Capita spesso, e non è un problema insormontabile: dicci di che marchio si tratta e cosa devi personalizzare. Se il file non è utilizzabile te lo diciamo subito, invece di stampare qualcosa di sgranato.

In molti casi il logo si può ridisegnare in vettoriale partendo dall'immagine che hai. È un lavoro a parte, che quotiamo prima di procedere: nessuna sorpresa in fattura.

Cosa succede dopo l'invio

Applichiamo il logo al prodotto scelto e ti mandiamo la bozza grafica, gratuita. Solo dopo la tua approvazione si va in stampa: se qualcosa non ti convince, si corregge prima, non dopo.

Domande frequenti

Che file serve per stampare il logo?

Preferibilmente vettoriale: AI, EPS, PDF o SVG, con i testi convertiti in tracciati. In alternativa un PNG a sfondo trasparente, ad almeno 300 DPI nella dimensione reale di stampa.
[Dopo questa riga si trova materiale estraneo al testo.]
text \<open>The hypothesis \<open>y \<noteq> 0\<close> is needed because \<open>Cgf 0 = 0\<close> (division by zero), while the series sums to 1.\<close>

lemma sums_Cgf:
  assumes "y \<noteq> 0" "\<bar>y\<bar> < 1/4"
  shows "(\<lambda>n. catalan n * y ^ n) sums Cgf y"
proof -
  have "\<bar>-4 * y\<bar> < 1" using assms by simp
  from sqrt_series[OF this]
  have "(\<lambda>n. ((1/2::real) gchoose Suc n) * (-4 * y) ^ Suc n) sums (sqrt (1 - 4 * y) - 1)"
    by (subst sums_Suc_iff) simp
  moreover have "(\<lambda>n. ((1/2::real) gchoose Suc n) * (-4 * y) ^ Suc n)
      = (\<lambda>n. (-2 * y) * (catalan n * y ^ n))"
  proof
    fix n
    have "((1/2::real) gchoose Suc n) * (-4 * y) ^ Suc n
        = (((1/2::real) gchoose Suc n) * (-4) ^ Suc n) * y ^ Suc n"
      by (simp only: power_mult_distrib mult.assoc)
    also have "\<dots> = (-2 * y) * (catalan n * y ^ n)"
      by (simp only: gbinomial_half_times_power) (simp add: algebra_simps)
    finally show "((1/2::real) gchoose Suc n) * (-4 * y) ^ Suc n = (-2 * y) * (catalan n * y ^ n)" .
  qed
  ultimately have "(\<lambda>n. (-2 * y) * (catalan n * y ^ n)) sums (sqrt (1 - 4 * y) - 1)"
    by simp
  then have "(\<lambda>n. (-2 * y) * (catalan n * y ^ n) / (-2 * y)) sums ((sqrt (1 - 4 * y) - 1) / (-2 * y))"
    by (rule sums_divide)
  moreover have "(sqrt (1 - 4 * y) - 1) / (-2 * y) = Cgf y"
    unfolding Cgf_def by (simp add: divide_simps)
  ultimately show ?thesis
    using assms(1) by simp
qed

lemma sums_shift:
  fixes a :: "nat \<Rightarrow> real"
  assumes "(\<lambda>n. a n * y ^ n) sums S" "y \<noteq> 0"
  shows "(\<lambda>n. a (Suc n) * y ^ n) sums ((S - a 0) / y)"
proof -
  have "(\<lambda>n. a (Suc n) * y ^ Suc n) sums (S - a 0)"
    using sums_Suc_iff[of "\<lambda>n. a n * y ^ n" "S - a 0"] assms(1) by simp
  then have "(\<lambda>n. a (Suc n) * y ^ Suc n / y) sums ((S - a 0) / y)"
    by (rule sums_divide)
  with assms(2) show ?thesis by simp
qed

lemma sums_even_odd:
  fixes f :: "nat \<Rightarrow> 'a::real_normed_vector"
  assumes "(\<lambda>m. f (2 * m)) sums A" "(\<lambda>m. f (2 * m + 1)) sums B"
  shows "f sums (A + B)"
proof -
  have "(\<lambda>n. if even n then f n else 0) sums A"
    using assms(1) by (subst sums_mono_reindex[of "\<lambda>n. 2 * n", symmetric])
      (auto simp: strict_mono_def elim!: evenE)
  moreover have "(\<lambda>n. if odd n then f n else 0) sums B"
    using assms(2) by (subst sums_mono_reindex[of "\<lambda>n. 2 * n + 1", symmetric])
      (auto simp: strict_mono_def elim!: oddE)
  ultimately have "(\<lambda>n. (if even n then f n else 0) + (if odd n then f n else 0)) sums (A + B)"
    by (rule sums_add)
  moreover have "(\<lambda>n. (if even n then f n else 0) + (if odd n then f n else 0)) = f"
    by auto
  ultimately show ?thesis by simp
qed

section \<open>Closed forms for \<open>d\<close> and \<open>T\<close>\<close>

declare ballot.simps(2) [simp del]

lemma binomial_adjacent_ratio:
  "real (Suc (a + b) choose a) = (real a + 1) / (real b + 1) * real (Suc (a + b) choose Suc a)"
proof -
  have "real (Suc a) * real (Suc (a + b) choose Suc a) = real (Suc b) * real (Suc (a + b) choose a)"
    using Suc_times_binomial_add[of a b] by (simp only: of_nat_mult [symmetric])
  then show ?thesis
    by (simp add: field_simps)
qed

lemma binomial_odd_middle: "real ((2 * m + 1) choose m) = 2 * central_binom m - catalan m"
proof -
  have "real ((2 * m + 1) choose m) = fact (2 * m + 1) / (fact m * fact (Suc m))"
    by (simp add: binomial_fact Suc_diff_le)
  moreover have "fact (2 * m + 1) = (2 * real m + 1) * (fact (2 * m) :: real)"
    by simp
  moreover have "fact (Suc m) = (real m + 1) * (fact m :: real)"
    by simp
  moreover have "real m + 1 \<noteq> 0" "(fact m :: real) \<noteq> 0"
    by simp_all
  ultimately show ?thesis
    unfolding catalan_eq_central_binom central_binom_fact
    by (simp only:) (simp add: divide_simps del: fact_Suc, simp add: algebra_simps)
qed

lemma ballot_even_0: "real (ballot (2 * m) 0) = catalan m"
proof (cases m)
  case 0
  then show ?thesis by (simp add: catalan_def)
next
  case (Suc k)
  have "int (ballot (2 * m) (int (2 * m) - 2 * int m)) = ballot_binom (2 * m) m"
    by (rule ballot_eq_ballot_binom) simp
  then have "real (ballot (2 * m) 0) = central_binom m - real ((2 * m) choose k)"
    using Suc by (simp add: ballot_binom_def central_binom_def)
  also have "real ((2 * m) choose k) = real m / (real m + 1) * central_binom m"
  proof -
    have "Suc (k + m) = 2 * m" "Suc k = m"
      using Suc by simp_all
    then have "real ((2 * m) choose k) = (real k + 1) / (real m + 1) * central_binom m"
      using binomial_adjacent_ratio[of k m] by (simp only: central_binom_def)
    then show ?thesis
      using Suc by simp
  qed
  finally show ?thesis
    by (simp add: catalan_eq_central_binom field_simps)
qed

lemma card_nonneg_paths_even_odd:
  "real (card (nonneg_paths (2 * m))) = central_binom m \<and>
   real (card (nonneg_paths (2 * m + 1))) = 2 * central_binom m - catalan m"
proof (induction m)
  case 0
  show ?case
    using card_nonneg_paths_Suc[of 0]
    by (simp add: nonneg_paths_0 central_binom_def catalan_def)
next
  case (Suc m)
  have "real (card (nonneg_paths (2 * Suc m))) = 2 * (2 * central_binom m - catalan m)"
    using card_nonneg_paths_Suc[of "2 * m + 1"] Suc.IH ballot_odd_0[of m]
    by (simp add: of_nat_mult [symmetric] of_nat_add [symmetric])
  also have "\<dots> = central_binom (Suc m)"
    by (simp add: central_binom_Suc catalan_eq_central_binom field_simps)
  finally have even: "real (card (nonneg_paths (2 * Suc m))) = central_binom (Suc m)" .
  moreover have "real (card (nonneg_paths (2 * Suc m + 1))) = 2 * central_binom (Suc m) - catalan (Suc m)"
    using card_nonneg_paths_Suc[of "2 * Suc m"] even ballot_even_0[of "Suc m"]
    by (simp add: of_nat_mult [symmetric] of_nat_add [symmetric])
  ultimately show ?case ..
qed

lemma total_zeros_eq: "total_zeros n + ballot (Suc n) 0 = card (nonneg_paths (Suc n))"
proof (induction n)
  case 0
  show ?case
    using card_nonneg_paths_Suc[of 0]
    by (simp add: total_zeros_def nonneg_paths_0 axis_zeros_Nil ballot_Suc_0)
next
  case (Suc n)
  have "zeros_sum n 0 = ballot (Suc (Suc n)) 0"
    using zeros_sum_eq_ballot[of 0 n] ballot_Suc_0 by simp
  then show ?case
    using Suc.IH total_zeros_Suc[of n] card_nonneg_paths_Suc[of "Suc n"] ballot_Suc_0[of n]
    by simp
qed

lemma d_seq_even: "real (d_seq (2 * m)) = central_binom m"
  using card_nonneg_paths_even_odd by (simp add: d_seq_eq_card_nonneg_paths)

lemma d_seq_odd: "real (d_seq (2 * m + 1)) = real ((2 * m + 1) choose m)"
  using card_nonneg_paths_even_odd[of m] binomial_odd_middle[of m]
  by (simp add: d_seq_eq_card_nonneg_paths)

lemma T_seq_even: "real (T_seq (2 * m)) = central_binom (Suc m) - catalan m"
proof -
  have "T_seq (2 * m) + ballot (2 * m) 0 = 2 * card (nonneg_paths (2 * m + 1))"
    using T_seq_total_zeros[of "2 * m"] total_zeros_eq[of "2 * m"] ballot_odd_0[of m] by simp
  then have "real (T_seq (2 * m)) = 2 * (2 * central_binom m - catalan m) - catalan m"
    using card_nonneg_paths_even_odd[of m] ballot_even_0[of m]
    by (simp add: of_nat_mult [symmetric] of_nat_add [symmetric])
  then show ?thesis
    by (simp add: central_binom_Suc catalan_eq_central_binom field_simps)
qed

lemma central_binom_minus_catalan:
  "central_binom (Suc m) - catalan (Suc m) = real ((2 * m + 2) choose m)"
proof -
  have "Suc (m + Suc m) = 2 * m + 2" "2 * Suc m = 2 * m + 2"
    by simp_all
  then have "real ((2 * m + 2) choose m) = (real m + 1) / (real (Suc m) + 1) * central_binom (Suc m)"
    using binomial_adjacent_ratio[of m "Suc m"] by (simp only: central_binom_def)
  then show ?thesis
    by (simp add: catalan_eq_central_binom field_simps)
qed

lemma T_seq_odd: "real (T_seq (2 * m + 1)) = 2 * (central_binom (Suc m) - catalan (Suc m))"
proof -
  have "T_seq (2 * m + 1) + 2 * ballot (2 * Suc m) 0 = 2 * card (nonneg_paths (2 * Suc m))"
    using T_seq_total_zeros[of "2 * m + 1"] total_zeros_eq[of "2 * m + 1"] ballot_odd_0[of m] by simp
  then show ?thesis
    using card_nonneg_paths_even_odd[of "Suc m"] ballot_even_0[of "Suc m"]
    by (simp add: of_nat_mult [symmetric] of_nat_add [symmetric])
qed

section \<open>Generating functions and averages\<close>

lemma square_less_quarter:
  fixes x :: real
  assumes "\<bar>x\<bar> < 1/2"
  shows "x\<^sup>2 < 1/4"
proof -
  have "\<bar>x\<bar>\<^sup>2 < (1/2)\<^sup>2"
    using assms by (intro power_strict_mono) auto
  then show ?thesis
    by (simp add: power_divide)
qed

lemma Bgf_Cgf_sqrt:
  assumes "y < 1/4"
  obtains s where "s > 0" "s\<^sup>2 = 1 - 4 * y" "Bgf y = 1 / s" "Cgf y = (1 - s) / (2 * y)"
proof
  show "sqrt (1 - 4 * y) > 0" "(sqrt (1 - 4 * y))\<^sup>2 = 1 - 4 * y"
    using assms by simp_all
qed (simp_all add: Bgf_def Cgf_def)

lemma Bgf_shift_minus_Cgf:
  assumes "y \<noteq> 0" "y < 1/4"
  shows "(Bgf y - 1) / y - Cgf y = Cgf y * (2 * Bgf y - 1)"
proof -
  obtain s where "s > 0" "s\<^sup>2 = 1 - 4 * y" "Bgf y = 1 / s" "Cgf y = (1 - s) / (2 * y)"
    using Bgf_Cgf_sqrt[OF assms(2)] .
  with assms(1) show ?thesis
    by (simp add: field_simps) algebra
qed

lemma Bgf_minus_Cgf:
  assumes "y \<noteq> 0" "y < 1/4"
  shows "(Bgf y - 1) / y - (Cgf y - 1) / y = Bgf y * (Cgf y)\<^sup>2"
proof -
  obtain s where "s > 0" "s\<^sup>2 = 1 - 4 * y" "Bgf y = 1 / s" "Cgf y = (1 - s) / (2 * y)"
    using Bgf_Cgf_sqrt[OF assms(2)] .
  with assms(1) show ?thesis
    by (simp add: field_simps) algebra
qed

lemma sqrt_ratio_eq_Bgf:
  assumes "\<bar>x\<bar> < 1/2"
  shows "sqrt ((1 + 2 * x) / (1 - 2 * x)) = (1 + 2 * x) * Bgf (x\<^sup>2)"
proof -
  have pos: "1 + 2 * x > 0" "1 - 2 * x > 0"
    using assms by auto
  have "1 - 4 * x\<^sup>2 = (1 - 2 * x) * (1 + 2 * x)"
    by (simp add: algebra_simps power2_eq_square)
  then have "(1 + 2 * x) / (1 - 2 * x) = (1 + 2 * x)\<^sup>2 / (1 - 4 * x\<^sup>2)"
    using pos by (simp add: power2_eq_square)
  then show ?thesis
    using pos by (simp add: Bgf_def real_sqrt_divide)
qed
Il logo preso dal mio sito va bene?

Di solito no: i loghi per il web sono piccoli e a bassa risoluzione, e ingranditi si sgranano. Mandacelo comunque, ti diciamo subito se è utilizzabile o se conviene ridisegnarlo in vettoriale.

Perché devo convertire i testi in tracciati?

Perché se non abbiamo installato lo stesso font, il programma lo sostituisce e il logo cambia aspetto. Convertiti in tracciati i caratteri diventano forme, identiche ovunque.

Posso vedere il risultato prima di ordinare?

Sì: la bozza grafica è gratuita e si stampa solo dopo la tua approvazione.